**Problem details**
These records must be written out again exactly.

(Dataset excerpts)
Start of Block

(* Consider the problem, assumptions and the algorithm DProxSGT described in the context. Then for every $t\ge1$, $$\mathbb{E}\big[\|\mathbf{X}_\perp^t\|^2\big]\le\frac{1+\rho^2}{2}\mathbb{E}\big[\|\mathbf{X}_\perp^{t-1}\|^2\big]+\frac{2\rho^2\eta^2}{1-\rho^2}\mathbb{E}\big[\|\mathbf{Y}_\perp^{t-1}\|^2\big].$$
   Context: Problem: $n\ge1$ workers, $d\ge1$. For each $i$, $\mathcal{D}_i$ is a distribution, $F_i(\cdot,\xi):\mathbb{R}^d\to\mathbb{R}$, $f_i(\mathbf{x})=\mathbb{E}_{\xi_i\sim\mathcal{D}_i}[F_i(\mathbf{x},\xi_i)]$, $f=\frac1n\sum_if_i$, $\phi=f+r$. Assumptions: $r$ is closed convex; each $f_i$ is $L$-smooth on $\mathrm{dom}(r)$; $\min\phi>-\infty$. Mixing matrix $\mathbf{W}\in\mathbb{R}^{n\times n}$ on a connected graph: doubly stochastic, $\mathbf{W}_{ij}=0$ if $i\ne j$ are not neighbors, $\mathrm{Null}(\mathbf{W}-\mathbf{I})=\mathrm{span}\{\mathbf{1}\}$, $\rho:=\|\mathbf{W}-\mathbf{J}\|_2<1$ with $\mathbf{J}=\mathbf{1}\mathbf{1}^\top/n$. Stochastic gradients: samples $\{\xi_i^t\}$ independent; for all $i$ and $\mathbf{x}\in\mathrm{dom}(r)$, $\mathbb{E}_{\xi_i}[\nabla F_i(\mathbf{x},\xi_i)]=\nabla f_i(\mathbf{x})$ and $\mathbb{E}_{\xi_i}\|\nabla F_i(\mathbf{x},\xi_i)-\nabla f_i(\mathbf{x})\|^2\le\sigma^2$. Algorithm DProxSGT with step size $\eta>0$: initialize $\mathbf{x}_i^0$, $\mathbf{y}_i^{-1}=\mathbf{0}$, $\nabla F_i(\mathbf{x}_i^{-1},\xi_i^{-1})=\mathbf{0}$. For $t=0,1,\dots$, node $i$ draws $\xi_i^t\sim\mathcal{D}_i$ and sets $\mathbf{y}_i^{t-1/2}=\mathbf{y}_i^{t-1}+\nabla F_i(\mathbf{x}_i^t,\xi_i^t)-\nabla F_i(\mathbf{x}_i^{t-1},\xi_i^{t-1})$, $\mathbf{y}_i^t=\sum_j\mathbf{W}_{ji}\mathbf{y}_j^{t-1/2}$, $\mathbf{x}_i^{t+1/2}=\mathrm{prox}_{\eta r}(\mathbf{x}_i^t-\eta\mathbf{y}_i^t)$ with $\mathrm{prox}_{\eta r}(\mathbf{z})=\arg\min_{\mathbf{u}}\{r(\mathbf{u})+\frac1{2\eta}\|\mathbf{u}-\mathbf{z}\|^2\}$, $\mathbf{x}_i^{t+1}=\sum_j\mathbf{W}_{ji}\mathbf{x}_j^{t+1/2}$. Notation: $\mathbf{X}^t=[\mathbf{x}_1^t,\dots,\mathbf{x}_n^t]$, $\mathbf{Y}^t=[\mathbf{y}_1^t,\dots,\mathbf{y}_n^t]$; $\|\cdot\|$ Frobenius norm; $\mathbf{X}_\perp=\mathbf{X}(\mathbf{I}-\mathbf{J})$; $\mathbb{E}$ full expectation. *)

theory Defs
  imports "HOL-Probability.Probability"
begin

End of Block

**Solved exercise**
(* Consider the problem, assumptions and the algorithm DProxSGT described in the context. Then for every $t\ge1$, $$\mathbb{E}\big[\|\mathbf{X}_\perp^t\|^2\big]\le\frac{1+\rho^2}{2}\mathbb{E}\big[\|\mathbf{X}_\perp^{t-1}\|^2\big]+\frac{2\rho^2\eta^2}{1-\rho^2}\mathbb{E}\big[\|\mathbf{Y}_\perp^{t-1}\|^2\big].$$
   Context: Problem: $n\ge1$ workers, $d\ge1$. For each $i$, $\mathcal{D}_i$ is a distribution, $F_i(\cdot,\xi):\mathbb{R}^d\to\mathbb{R}$, $f_i(\mathbf{x})=\mathbb{E}_{\xi_i\sim\mathcal{D}_i}[F_i(\mathbf{x},\xi_i)]$, $f=\frac1n\sum_if_i$, $\phi=f+r$. Assumptions: $r$ is closed convex; each $f_i$ is $L$-smooth on $\mathrm{dom}(r)$; $\min\phi>-\infty$. Mixing matrix $\mathbf{W}\in\mathbb{R}^{n\times n}$ on a connected graph: doubly stochastic, $\mathbf{W}_{ij}=0$ if $i\ne j$ are not neighbors, $\mathrm{Null}(\mathbf{W}-\mathbf{I})=\mathrm{span}\{\mathbf{1}\}$, $\rho:=\|\mathbf{W}-\mathbf{J}\|_2<1$ with $\mathbf{J}=\mathbf{1}\mathbf{1}^\top/n$. Stochastic gradients: samples $\{\xi_i^t\}$ independent; for all $i$ and $\mathbf{x}\in\mathrm{dom}(r)$, $\mathbb{E}_{\xi_i}[\nabla F_i(\mathbf{x},\xi_i)]=\nabla f_i(\mathbf{x})$ and $\mathbb{E}_{\xi_i}\|\nabla F_i(\mathbf{x},\xi_i)-\nabla f_i(\mathbf{x})\|^2\le\sigma^2$. Algorithm DProxSGT with step size $\eta>0$: initialize $\mathbf{x}_i^0$, $\mathbf{y}_i^{-1}=\mathbf{0}$, $\nabla F_i(\mathbf{x}_i^{-1},\xi_i^{-1})=\mathbf{0}$. For $t=0,1,\dots$, node $i$ draws $\xi_i^t\sim\mathcal{D}_i$ and sets $\mathbf{y}_i^{t-1/2}=\mathbf{y}_i^{t-1}+\nabla F_i(\mathbf{x}_i^t,\xi_i^t)-\nabla F_i(\mathbf{x}_i^{t-1},\xi_i^{t-1})$, $\mathbf{y}_i^t=\sum_j\mathbf{W}_{ji}\mathbf{y}_j^{t-1/2}$, $\mathbf{x}_i^{t+1/2}=\mathrm{prox}_{\eta r}(\mathbf{x}_i^t-\eta\mathbf{y}_i^t)$ with $\mathrm{prox}_{\eta r}(\mathbf{z})=\arg\min_{\mathbf{u}}\{r(\mathbf{u})+\frac1{2\eta}\|\mathbf{u}-\mathbf{z}\|^2\}$, $\mathbf{x}_i^{t+1}=\sum_j\mathbf{W}_{ji}\mathbf{x}_j^{t+1/2}$. Notation: $\mathbf{X}^t=[\mathbf{x}_1^t,\dots,\mathbf{x}_n^t]$, $\mathbf{Y}^t=[\mathbf{y}_1^t,\dots,\mathbf{y}_n^t]$; $\|\cdot\|$ Frobenius norm; $\mathbf{X}_\perp=\mathbf{X}(\mathbf{I}-\mathbf{J})$; $\mathbb{E}$ full expectation. *)

theory Defs
  imports "HOL-Probability.Probability"
begin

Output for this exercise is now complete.